## TASK BRIEF
When a line below holds the string "feasP", show that line.
━━━ STUDY MATERIAL ━━━
(* Under Assumption 1 and the partition setting of the context, the convex relaxation (R) and the Shor relaxation (S) are exact (i.e. $p^\star=v^\star=c^\star$) if the set $S_k$ is empty for every $k\in N_H$. In particular, exactness holds if for each $h\in H$ the numbers $c_{j_h}$ and $a_{ij_h}$, $i\in M$, are either all positive or all negative.
   Context: Let $N=\{1,\dots,n\}$ and $M=\{1,\dots,m\}$. Let ${\bf D}$ and ${\bf A}^i$ ($i\in M$) be real diagonal $n\times n$ matrices, ${\bf c},{\bf a}_i\in\mathbb{R}^n$ ($a_{ij}$ denotes the $j$-th entry of ${\bf a}_i$) and $b_i\in\mathbb{R}$. The diagonal QCQP is (P): $c^\star=\inf\{{\bf x}^\top{\bf D}{\bf x}+2{\bf c}^\top{\bf x} : {\bf x}^\top{\bf A}^i{\bf x}+2{\bf a}_i^\top{\bf x}\le b_i,\ i\in M\}$. Its Shor relaxation is (S): $v^\star=\inf\{{\bf D}\bullet{\bf X}+2{\bf c}^\top{\bf x} : {\bf A}^i\bullet{\bf X}+2{\bf a}_i^\top{\bf x}\le b_i\ (i\in M),\ {\bf X}-{\bf x}{\bf x}^\top\succeq {\bf O}\}$, where ${\bf P}\bullet{\bf Q}=\mathrm{trace}({\bf P}{\bf Q})$. The convex relaxation is (R): $p^\star=\inf\{\sum_{j\in N}D_{jj}z_j+2\sum_{j\in N}c_jx_j : \sum_{j\in N}A^i_{jj}z_j+2\sum_{j\in N}a_{ij}x_j\le b_i\ (i\in M),\ x_j^2\le z_j\ (j\in N)\}$. Assumption 1: (i) the feasible region of (P) is nonempty; (ii) there exists $\bar{\bf y}\ge 0$ with $\sum_{i\in M}\bar y_i{\bf A}^i\succ{\bf O}$; (iii) the feasible region of (S) has nonempty interior. For $k\in N$, $S_k$ is the set of $\boldsymbol{\mu}\in\mathbb{R}^m$ satisfying: $D_{kk}+\sum_{i\in M}\mu_iA^i_{kk}=0$; $c_k+\sum_{i\in M}\mu_ia_{ik}=0$; $D_{jj}+\sum_{i\in M}\mu_iA^i_{jj}\ge 0$ for all $j\in N$, $j\ne k$; $\mu_i\ge 0$ for all $i\in M$. Partition setting: $\{N_h\}_{h\in H}$ is a partition of $N$ such that for each $h\in H$ and $i\in M$ there is a number $\xi^{ih}$ with $A^i_{jj}=\xi^{ih}$ for all $j\in N_h$. For each $h\in H$, $d_h^*=\min_{j\in N_h}D_{jj}$ and it is assumed that this minimum is attained at a unique index $j_h\in N_h$. $N_H=\{j_h : h\in H\}$. *)

theory Defs
  imports "HOL-Analysis.Analysis" "HOL-Library.Disjoint_Sets"
begin

(* Matrices are real^'n^'n, index set N is the finite type 'n, M is the finite type 'm. *)

definition diag_mat :: "real^'n^'n \<Rightarrow> bool" where
  "diag_mat P \<longleftrightarrow> (\<forall>i j. i \<noteq> j \<longrightarrow> P $ i $ j = 0)"

definition sym_mat :: "real^'n^'n \<Rightarrow> bool" where
  "sym_mat P \<longleftrightarrow> transpose P = P"

definition psd_mat :: "real^'n^'n \<Rightarrow> bool" where
  "psd_mat P \<longleftrightarrow> sym_mat P \<and> (\<forall>v. 0 \<le> v \<bullet> (P *v v))"

definition pd_mat :: "real^'n^'n \<Rightarrow> bool" where
  "pd_mat P \<longleftrightarrow> sym_mat P \<and> (\<forall>v. v \<noteq> 0 \<longrightarrow> 0 < v \<bullet> (P *v v))"

definition frob :: "real^'n^'n \<Rightarrow> real^'n^'n \<Rightarrow> real" where
  "frob P Q = trace (P ** Q)"

definition outer :: "real^'n \<Rightarrow> real^'n \<Rightarrow> real^'n^'n" where
  "outer x y = (\<chi> i j. x $ i * y $ j)"

definition feasP :: "('m::finite \<Rightarrow> real^'n^'n) \<Rightarrow> ('m \<Rightarrow> real^'n) \<Rightarrow> ('m \<Rightarrow> real) \<Rightarrow> (real^'n) set" where
  "feasP A a b = {x. \<forall>i. x \<bullet> (A i *v x) + 2 * (a i \<bullet> x) \<le> b i}"

definition valP :: "real^'n^'n \<Rightarrow> real^'n \<Rightarrow> ('m::finite \<Rightarrow> real^'n^'n) \<Rightarrow> ('m \<Rightarrow> real^'n) \<Rightarrow> ('m \<Rightarrow> real) \<Rightarrow> ereal" where
  "valP D c A a b = (INF x\<in>feasP A a b. ereal (x \<bullet> (D *v x) + 2 * (c \<bullet> x)))"

definition feasS :: "('m::finite \<Rightarrow> real^'n^'n) \<Rightarrow> ('m \<Rightarrow> real^'n) \<Rightarrow> ('m \<Rightarrow> real) \<Rightarrow> ((real^'n^'n) \<times> (real^'n)) set" where
  "feasS A a b = {(X, x). sym_mat X \<and> (\<forall>i. frob (A i) X + 2 * (a i \<bullet> x) \<le> b i)
                          \<and> psd_mat (X - outer x x)}"

definition valS :: "real^'n^'n \<Rightarrow> real^'n \<Rightarrow> ('m::finite \<Rightarrow> real^'n^'n) \<Rightarrow> ('m \<Rightarrow> real^'n) \<Rightarrow> ('m \<Rightarrow> real) \<Rightarrow> ereal" where
  "valS D c A a b = (INF p\<in>feasS A a b. ereal (frob D (fst p) + 2 * (c \<bullet> snd p)))"

definition feasR :: "('m::finite \<Rightarrow> real^'n^'n) \<Rightarrow> ('m \<Rightarrow> real^'n) \<Rightarrow> ('m \<Rightarrow> real) \<Rightarrow> ((real^'n) \<times> (real^'n)) set" where
  "feasR A a b = {(x, z). (\<forall>i. (\<Sum>j\<in>UNIV. A i $ j $ j * z $ j) + 2 * (\<Sum>j\<in>UNIV. a i $ j * x $ j) \<le> b i)
                          \<and> (\<forall>j. (x $ j)\<^sup>2 \<le> z $ j)}"

definition valR :: "real^'n^'n \<Rightarrow> real^'n \<Rightarrow> ('m::finite \<Rightarrow> real^'n^'n) \<Rightarrow> ('m \<Rightarrow> real^'n) \<Rightarrow> ('m \<Rightarrow> real) \<Rightarrow> ereal" where
  "valR D c A a b = (INF p\<in>feasR A a b.
      ereal ((\<Sum>j\<in>UNIV. D $ j $ j * snd p $ j) + 2 * (\<Sum>j\<in>UNIV. c $ j * fst p $ j)))"

definition Sk :: "real^'n^'n \<Rightarrow> real^'n \<Rightarrow> ('m::finite \<Rightarrow> real^'n^'n) \<Rightarrow> ('m \<Rightarrow> real^'n) \<Rightarrow> 'n \<Rightarrow> ('m \<Rightarrow> real) set" where
  "Sk D c A a k = {\<mu>. D $ k $ k + (\<Sum>i\<in>UNIV. \<mu> i * A i $ k $ k) = 0
                     \<and> c $ k + (\<Sum>i\<in>UNIV. \<mu> i * a i $ k) = 0
                     \<and> (\<forall>j. j \<noteq> k \<longrightarrow> D $ j $ j + (\<Sum>i\<in>UNIV. \<mu> i * A i $ j $ j) \<ge> 0)
                     \<and> (\<forall>i. \<mu> i \<ge> 0)}"

definition unique_argmin :: "real^'n^'n \<Rightarrow> 'n set \<Rightarrow> 'n \<Rightarrow> bool" where
  "unique_argmin D Nh j \<longleftrightarrow> j \<in> Nh \<and> (\<forall>j'\<in>Nh. j' \<noteq> j \<longrightarrow> D $ j $ j < D $ j' $ j')"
━━━
## RESULT OF THE EXERCISE
definition feasP :: "('m::finite \<Rightarrow> real^'n^'n) \<Rightarrow> ('m \<Rightarrow> real^'n) \<Rightarrow> ('m \<Rightarrow> real) \<Rightarrow> (real^'n) set" where
  "feasP A a b = {x. \<forall>i. x \<bullet> (A i *v x) + 2 * (a i \<bullet> x) \<le> b i}"
  "valP D c A a b = (INF x\<in>feasP A a b. ereal (x \<bullet> (D *v x) + 2 * (c \<bullet> x)))"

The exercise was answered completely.